Tibial hemimelia can be unilateral or bilateral. It may occur as an isolated anomaly, or as a part of a complex malformation syndrome (such as the Gollop-Wolfgang complex and triphalangeal thumb-polysyndactyly syndrome, see these terms).
The etiology remains uncertain.
Diagnosis is based on clinical and radiological findings.
Prenatal diagnosis using ultrasound is possible.

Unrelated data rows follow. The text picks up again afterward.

lemma proportional_if_nonneg_imp_nonneg:
  assumes m: "m \<in> vecs n" and m2: "m2 \<in> vecs n" and z: "z \<in> vecs n" "lin n m z \<noteq> 0"
    and imp: "\<And>v. v \<in> vecs n \<Longrightarrow> lin n m v \<ge> 0 \<Longrightarrow> lin n m2 v \<ge> 0"
  shows "m2 = (\<lambda>i. (lin n m2 z / lin n m z) * m i)"
proof
  fix i
  show "m2 i = lin n m2 z / lin n m z * m i"
  proof (cases "i < n")
    case False
    then show ?thesis using m m2 unfolding vecs_def by simp
  next
    case True
    define v where "v = (\<lambda>k. 1 * (if k = i then 1 else 0) + (- (m i / lin n m z)) * z k)"
    have lin_v: "lin n f v = f i - m i / lin n m z * lin n f z" for f
      unfolding v_def lin_add_scaled using lin_unit_vector[OF True, of f 1] by simp
    have "v \<in> vecs n" "(\<lambda>k. - v k) \<in> vecs n" using True z(1) unfolding v_def vecs_def by simp_all
    moreover have "lin n m v = 0" using z(2) by (simp add: lin_v)
    ultimately have "lin n m2 v \<ge> 0" "lin n m2 (\<lambda>k. - v k) \<ge> 0"
      using imp[of v] imp[of "\<lambda>k. - v k"] by (simp_all add: lin_minus)
    then have "lin n m2 v = 0" by (simp add: lin_minus)
    then show ?thesis using z(2) by (simp add: lin_v field_simps)
  qed
qed

text \<open>The irredundant inequality m of M1 vanishes at a point w of the facet it supports; a
member m2 of M2 vanishing at w but not at the interior point z must be a positive multiple of m,
and it exists because otherwise a point beyond the facet would satisfy M2.\<close>

lemma nonredundant_ex_triv_equiv:
  assumes M1: "finite M1" "M1 \<subseteq> vecs n" and M2: "finite M2" "M2 \<subseteq> vecs n"
    and eq: "sols n M1 = sols n M2" and m: "m \<in> M1" "\<not> redundant n M1 m"
    and z: "z \<in> vecs n" "\<forall>f\<in>M1. lin n f z > 0"
  shows "\<exists>m2\<in>M2. triv_equiv m m2"
proof -
  obtain w where w: "w \<in> sols n M1" "lin n m w = 0" "\<forall>f\<in>M1 - {m}. lin n f w > 0"
    using ex_facet_point[OF m z] by blast
  have "w \<in> vecs n" using w(1) unfolding sols_def by simp
  have "lin n m z > 0" using z(2) m(1) by simp
  have lin_shift: "lin n f (\<lambda>i. K * w i + v i) = K * lin n f w + lin n f v" for f K v
    using lin_add_scaled[of n f K w 1 v] by simp
  have "\<exists>m2\<in>M2. lin n m2 w = 0 \<and> lin n m2 z > 0"
  proof (rule ccontr)
    assume "\<not> ?thesis"
    moreover have "w \<in> sols n M2" using w(1) eq by simp
    ultimately have "\<forall>f\<in>M2. lin n f w > 0 \<or> (lin n f w \<ge> 0 \<and> lin n f (\<lambda>i. - z i) \<ge> 0)"
      unfolding sols_def by (force simp: lin_minus)
    then obtain K where "(\<lambda>i. K * w i + - z i) \<in> sols n M1"
      using ex_multiple_add_mem_sols[OF M2(1) \<open>w \<in> vecs n\<close>, of "\<lambda>i. - z i"] z(1) eq
      by (auto simp: vecs_def)
    then have "lin n m (\<lambda>i. K * w i + - z i) \<ge> 0" using m(1) unfolding sols_def by blast
    then show False using w(2) \<open>lin n m z > 0\<close> by (simp add: lin_diff lin_scaled)
  qed
  then obtain m2 where m2: "m2 \<in> M2" "lin n m2 w = 0" "lin n m2 z > 0" by blast
  have "lin n m2 v \<ge> 0" if v: "v \<in> vecs n" "lin n m v \<ge> 0" for v
  proof -
    have "\<forall>f\<in>M1. lin n f w > 0 \<or> (lin n f w \<ge> 0 \<and> lin n f v \<ge> 0)" using w v(2) by auto
    then obtain K where "(\<lambda>i. K * w i + v i) \<in> sols n M2"
      using ex_multiple_add_mem_sols[OF M1(1) \<open>w \<in> vecs n\<close> v(1)] eq by auto
    then show ?thesis using m2(1,2) unfolding sols_def by (auto simp: lin_shift)
  qed
  then have "m2 = (\<lambda>i. (lin n m2 z / lin n m z) * m i)"
    using M1(2) M2(2) m(1) m2(1) z(1) \<open>lin n m z > 0\<close>
    by (intro proportional_if_nonneg_imp_nonneg) auto
  moreover have "lin n m2 z / lin n m z > 0" using m2(3) \<open>lin n m z > 0\<close> by simp
  ultimately have "triv_equiv m2 m" unfolding triv_equiv_def by blast
  then show ?thesis using m2(1) triv_equiv_sym by blast
qed

lemma triv_equiv_redundant:
  assumes "f \<in> M" "g \<in> M" "f \<noteq> g" "triv_equiv f g"
  shows "redundant n M f"
proof -
  obtain c where "c > 0" "f = (\<lambda>i. c * g i)" using assms(4) unfolding triv_equiv_def by blast
  then have "lin n f x = c * lin n g x" for x by (simp add: lin_scaled_form)
  then show ?thesis using assms(1-3) \<open>c > 0\<close> unfolding redundant_def sols_def by simp
qed
(* Let $s>1$ be an integer, $z\in\mathbb{C}$ and $a$ a parameter for which the Lerch transcendent $\Phi(z,s,a)$ is defined. If the integral converges, then \[ \Phi(z,s,a)=\int_{[0,1]^{s+1}}\frac{-s\prod_{n=1}^{s+1}x_n^{a-1}}{\left(1-z\prod_{n=1}^{s+1}x_n\right)\log\left(\prod_{n=1}^{s+1}x_n\right)}\prod_{n=1}^{s+1}dx_n, \] and \[ \zeta(s)=\int_{[0,1]^{s+1}}\frac{-s}{\left(1-\prod_{k=1}^{s+1}x_k\right)\log\left(\prod_{k=1}^{s+1}x_k\right)}\prod_{k=1}^{s+1}dx_k. \]
   Context: The Lerch transcendent is $\Phi(z,s,a)=\sum_{k=0}^\infty \frac{z^k}{(k+a)^s}$ (where this series converges); $\zeta$ is the Riemann zeta function. *)

theory Defs
  imports "HOL-Analysis.Analysis"
begin

definition lerch_phi :: "complex \<Rightarrow> nat \<Rightarrow> complex \<Rightarrow> complex" where
  "lerch_phi z s a = (\<Sum>k. z ^ k / (of_nat k + a) ^ s)"

definition zeta_int :: "nat \<Rightarrow> complex" where
  "zeta_int s = (\<Sum>k. 1 / (of_nat (Suc k)) ^ s)"

definition cube_measure :: "nat \<Rightarrow> (nat \<Rightarrow> real) measure" where
  "cube_measure s = PiM {1..s+1} (\<lambda>_. lborel)"

definition unit_cube :: "nat \<Rightarrow> (nat \<Rightarrow> real) set" where
  "unit_cube s = PiE {1..s+1} (\<lambda>_. {0..1})"

end

theory Submission
  imports Defs "HOL-Real_Asymp.Real_Asymp"
begin

text \<open>
  Write P for the product of the coordinates on the unit cube [0,1]^(s+1). For Re b > 0 the
  integral of P^(b-1) factorises into b^-(s+1). Since 1/(-ln P) is the integral of P^u over
  u >= 0, Fubini turns the integral of P^(b-1)/(-ln P) into the integral of (b+u)^-(s+1) over
  u >= 0, which is 1/(s b^s). Expanding 1/(1 - zP) as a geometric series, the k-th term of the
  Lerch integrand therefore integrates to z^k/(k+a)^s, and dominated convergence sums the series;
  twice the integrand is a dominating function because summability of the Lerch series forces
  |z| <= 1. Integrability of the Lerch integrand forces Re a > 0: otherwise it dominates s/2 times
  P^(t-1)/(-ln P) for every t > 0, whose integral 1/(s t^s) is unbounded. The zeta case is z = a = 1.
\<close>

section \<open>Complex powers of reals\<close>

lemma Ln_of_real_neg:
  fixes t :: real assumes "t < 0"
  shows "Ln (complex_of_real t) = of_real (ln (-t)) + \<i> * pi"
proof -
  have "complex_of_real t = exp (of_real (ln (-t)) + \<i> * pi)"
    using assms by (simp add: exp_add exp_of_real)
  then show ?thesis
    by (simp add: Ln_exp)
qed
(* Let $M$ be an arithmetical list of $\mathbb{P}$ of reason $r\ge1$. There exists a real constant $\gamma_M$ such that, as $x\to\infty$, $$\prod_{p\le x,\,p\in M}\Big(1-\frac1p\Big)=\frac{e^{-\gamma_M}}{(\ln x)^{1/r}}+O\!\left(\frac{1}{(\ln x)^{1+1/r}}\right),\qquad \prod_{p\le x,\,p\in M}\Big(1-\frac1p\Big)^{-1}=e^{\gamma_M}(\ln x)^{1/r}+O\!\left((\ln x)^{1/r-1}\right).$$
   Context: Let $p_1=2<p_2=3<\dots$ be the primes in increasing order and $\mathbb{P}$ the set of primes. An arithmetical list of reason $r\ge1$ is a set $M=\{p_{r_0+jr}:j\ge0\}$ for some integer $1\le r_0\le r$. *)

theory Defs
  imports "HOL-Analysis.Analysis" "HOL-Library.Landau_Symbols" "HOL-Computational_Algebra.Primes"
begin

text \<open>nth_prime k is the (k+1)-th prime in increasing order, so p_i = nth_prime (i - 1)
  for i \<ge> 1 (p_1 = 2).\<close>
definition nth_prime :: "nat \<Rightarrow> nat" where
  "nth_prime k = (THE p. prime p \<and> card {q. prime q \<and> q < p} = k)"

text \<open>Arithmetical list of reason r with starting index r0 (1 \<le> r0 \<le> r):
  {p_(r0 + j r) : j \<ge> 0}.\<close>
definition arith_list :: "nat \<Rightarrow> nat \<Rightarrow> nat set" where
  "arith_list r r0 = {nth_prime (r0 + j * r - 1) | j. True}"

end

(*
  Write the product as exp of L(x) = sum of ln (1 - 1/p) over p in M, p <= x.  Since
  ln (1 - 1/p) + 1/p = O(1/p^2), it suffices to show that the sum of 1/p over p in M, p <= x,
  is ln ln x / r + c + O(1/ln x).  Mertens' second theorem gives this for all primes; it is
  proved from Chebyshev's bound theta(n) = O(n) and Legendre's formula for ln n! by Abel
  summation.  Because 1/p_k decreases, r times the sum of 1/p_(s+jr) exceeds the sum of 1/p_k
  over the same range by a convergent series whose tail is O(1/x), so the sum over M is
  1/r times the sum over all primes up to O(1/ln x).  Exponentiating
  L(x) = - ln ln x / r - gamma + O(1/ln x) gives both estimates.
*)
theory Submission
  imports Defs "HOL-Number_Theory.Prime_Powers" "HOL-Real_Asymp.Real_Asymp"
begin

lemma card_less_enumerate:
  fixes S :: "nat set"
  assumes "infinite S"
  shows "card {q\<in>S. q < enumerate S n} = n"
proof -
  have "{q\<in>S. q < enumerate S n} = enumerate S ` {..<n}"
  proof
    show "{q\<in>S. q < enumerate S n} \<subseteq> enumerate S ` {..<n}"
    proof
      fix q assume q: "q \<in> {q\<in>S. q < enumerate S n}"
      then obtain i where "q = enumerate S i" using range_enumerate[OF assms] by blast
      with q assms show "q \<in> enumerate S ` {..<n}" by auto
    qed
  qed (use assms in \<open>auto intro: enumerate_in_set\<close>)
  moreover have "inj_on (enumerate S) {..<n}"
    using inj_enumerate[OF assms] by (rule inj_on_subset) simp
  ultimately show ?thesis by (simp add: card_image)
qed

lemma nth_prime_eq_enumerate: "nth_prime k = enumerate {p::nat. prime p} k"
proof -
  have inf: "infinite {p::nat. prime p}" using primes_infinite by simp
  have card: "card {q. prime q \<and> q < enumerate {p::nat. prime p} i} = i" for i
    using card_less_enumerate[OF inf, of i] by simp
  show ?thesis
    unfolding nth_prime_def
  proof (rule the_equality)
    show "prime (enumerate {p::nat. prime p} k) \<and> card {q. prime q \<and> q < enumerate {p::nat. prime p} k} = k"
      using enumerate_in_set[OF inf] card by simp
  next
    fix p :: nat assume p: "prime p \<and> card {q. prime q \<and> q < p} = k"
    then obtain i where "p = enumerate {p::nat. prime p} i" using range_enumerate[OF inf] by blast
    with p card show "p = enumerate {p::nat. prime p} k" by simp
  qed
qed

lemma range_nth_prime: "range nth_prime = {p. prime p}"
  using range_enumerate primes_infinite by (simp add: nth_prime_eq_enumerate[abs_def])

lemma prime_nth_prime [simp]: "prime (nth_prime k)"
  using range_nth_prime by blast

lemma strict_mono_nth_prime: "strict_mono nth_prime"
  using strict_mono_enumerate primes_infinite by (simp add: nth_prime_eq_enumerate[abs_def])

lemma nth_prime_ge: "k + 2 \<le> nth_prime k"
proof (induction k)
  case 0
  show ?case using prime_ge_2_nat[OF prime_nth_prime[of 0]] by simp
next
  case (Suc k)
  then show ?case using strict_monoD[OF strict_mono_nth_prime, of k "Suc k"] by simp
qed

definition count_terms_le :: "(nat \<Rightarrow> nat) \<Rightarrow> nat \<Rightarrow> nat" where
  "count_terms_le f N = (LEAST k. N < f k)"

lemma less_count_terms_le_iff:
  assumes "strict_mono f"
  shows "k < count_terms_le f N \<longleftrightarrow> f k \<le> N"
proof
  have "N < f (Suc N)" using strict_mono_imp_increasing[OF assms, of "Suc N"] by simp
  then have "N < f (count_terms_le f N)" unfolding count_terms_le_def by (rule LeastI)
  moreover assume "f k \<le> N"
  ultimately show "k < count_terms_le f N" using assms strict_mono_less by fastforce
qed (auto simp: count_terms_le_def dest: not_less_Least)

lemma sum_terms_le_strict_mono:
  fixes f :: "nat \<Rightarrow> nat" and g :: "nat \<Rightarrow> 'a::comm_monoid_add"
  assumes "strict_mono f"
  shows "(\<Sum>x\<in>{x\<in>range f. x \<le> N}. g x) = (\<Sum>k<count_terms_le f N. g (f k))"
proof -
  have "{x\<in>range f. x \<le> N} = f ` {..<count_terms_le f N}"
    using less_count_terms_le_iff[OF assms] by auto
  moreover have "inj_on f {..<count_terms_le f N}"
    by (metis assms strict_mono_imp_inj_on inj_on_subset subset_UNIV)
  ultimately show ?thesis by (simp add: sum.reindex)
qed

section \<open>Chebyshev's upper bound\<close>

definition chebyshev_theta :: "nat \<Rightarrow> real" where
  "chebyshev_theta n = (\<Sum>p\<in>{p. prime p \<and> p \<le> n}. ln (real p))"

lemma prod_primes_dvd:
  fixes N :: nat
  assumes "finite P" "\<And>p. p \<in> P \<Longrightarrow> prime p" "\<And>p. p \<in> P \<Longrightarrow> p dvd N"
  shows "\<Prod>P dvd N"
  using assms
proof (induction P rule: finite_induct)
  case (insert p F)
  have "coprime p (\<Prod>F)"
    by (rule prod_coprime_right) (use insert in \<open>auto intro: primes_coprime\<close>)
  then show ?case using insert by (simp add: divides_mult)
qed simp

lemma prod_primes_dvd_central_binomial:
  "\<Prod>{p. prime p \<and> m < p \<and> p \<le> 2*m} dvd (2*m choose m)"
proof (rule prod_primes_dvd)
  fix p assume p: "p \<in> {p. prime p \<and> m < p \<and> p \<le> 2*m}"
  then have "prime p" by simp
  have "p dvd fact m * fact m * (2*m choose m)"
    using p prime_dvd_fact_iff[OF \<open>prime p\<close>] binomial_fact_lemma[of m "2*m"] by simp
  moreover have "\<not> p dvd fact m" using p prime_dvd_fact_iff[OF \<open>prime p\<close>] by simp
  ultimately show "p dvd (2*m choose m)" using \<open>prime p\<close> by (simp add: prime_dvd_mult_iff)
qed auto

lemma chebyshev_theta_double_le: "chebyshev_theta (2*m) - chebyshev_theta m \<le> 2 * m * ln 2"
proof -
  define P where "P = {p. prime p \<and> m < p \<and> p \<le> 2*m}"
  have split: "{p. prime p \<and> p \<le> 2*m} = {p. prime p \<and> p \<le> m} \<union> P"
    unfolding P_def by auto
  have "chebyshev_theta (2*m) = chebyshev_theta m + (\<Sum>p\<in>P. ln (real p))"
    unfolding chebyshev_theta_def split by (rule sum.union_disjoint) (auto simp: P_def)
  also have "(\<Sum>p\<in>P. ln (real p)) = ln (real (\<Prod>P))"
    using ln_prod[of P real] finite_subset[of P "{..2*m}"] by (force simp: P_def)
  also have "\<dots> \<le> ln (real (2*m choose m))"
  proof -
    have "\<Prod>P \<le> (2*m choose m)"
      unfolding P_def by (rule dvd_imp_le[OF prod_primes_dvd_central_binomial]) simp
    moreover have "\<Prod>P > 0" by (rule prod_pos) (auto simp: P_def prime_gt_0_nat)
    ultimately show ?thesis
      by (metis ln_le_cancel_iff of_nat_0_less_iff of_nat_le_iff order_less_le_trans)
  qed
  also have "\<dots> \<le> ln (2 ^ (2*m))"
  proof -
    have "real (2*m choose m) \<le> 2 ^ (2*m)"
      using binomial_le_pow2[of "2*m" m] by (metis of_nat_le_iff of_nat_numeral of_nat_power)
    then show ?thesis by simp
  qed
  also have "\<dots> = 2 * m * ln 2" by (simp add: ln_realpow)
  finally show ?thesis by simp
qed

lemma chebyshev_theta_mono: "m \<le> n \<Longrightarrow> chebyshev_theta m \<le> chebyshev_theta n"
  unfolding chebyshev_theta_def by (rule sum_mono2) (auto simp: prime_ge_1_nat)

lemma chebyshev_theta_le_trivial: "chebyshev_theta n \<le> n * ln n"
proof -
  have "chebyshev_theta n \<le> (\<Sum>p\<in>{p. prime p \<and> p \<le> n}. ln (real n))"
    unfolding chebyshev_theta_def
    by (intro sum_mono) (metis ln_le_cancel_iff mem_Collect_eq of_nat_0_less_iff of_nat_le_iff
        order_less_le_trans prime_gt_0_nat)
  also have "\<dots> = card {p. prime p \<and> p \<le> n} * ln n" by simp
  also have "\<dots> \<le> n * ln n"
  proof (rule mult_right_mono)
    have "card {p. prime p \<and> p \<le> n} \<le> card {1..n}"
      by (rule card_mono) (auto simp: prime_gt_0_nat Suc_le_eq)
    then show "real (card {p. prime p \<and> p \<le> n}) \<le> real n" by simp
  qed (cases "n = 0"; simp)
  finally show ?thesis .
qed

Although the majority of cases with tibial hemimelia are sporadic, affected families with possible autosomal dominant or autosomal recessive inheritance have been reported.
Management and treatment
Management requires surgical correction of the tibial hemimelia and any associated malformations, especially those concerning the foot (equinovarus, partial duplication of the foot). Reconstructive surgery and a prosthesis adapted to growth, together with regular post-operative follow-up, are necessary for optimal functional results.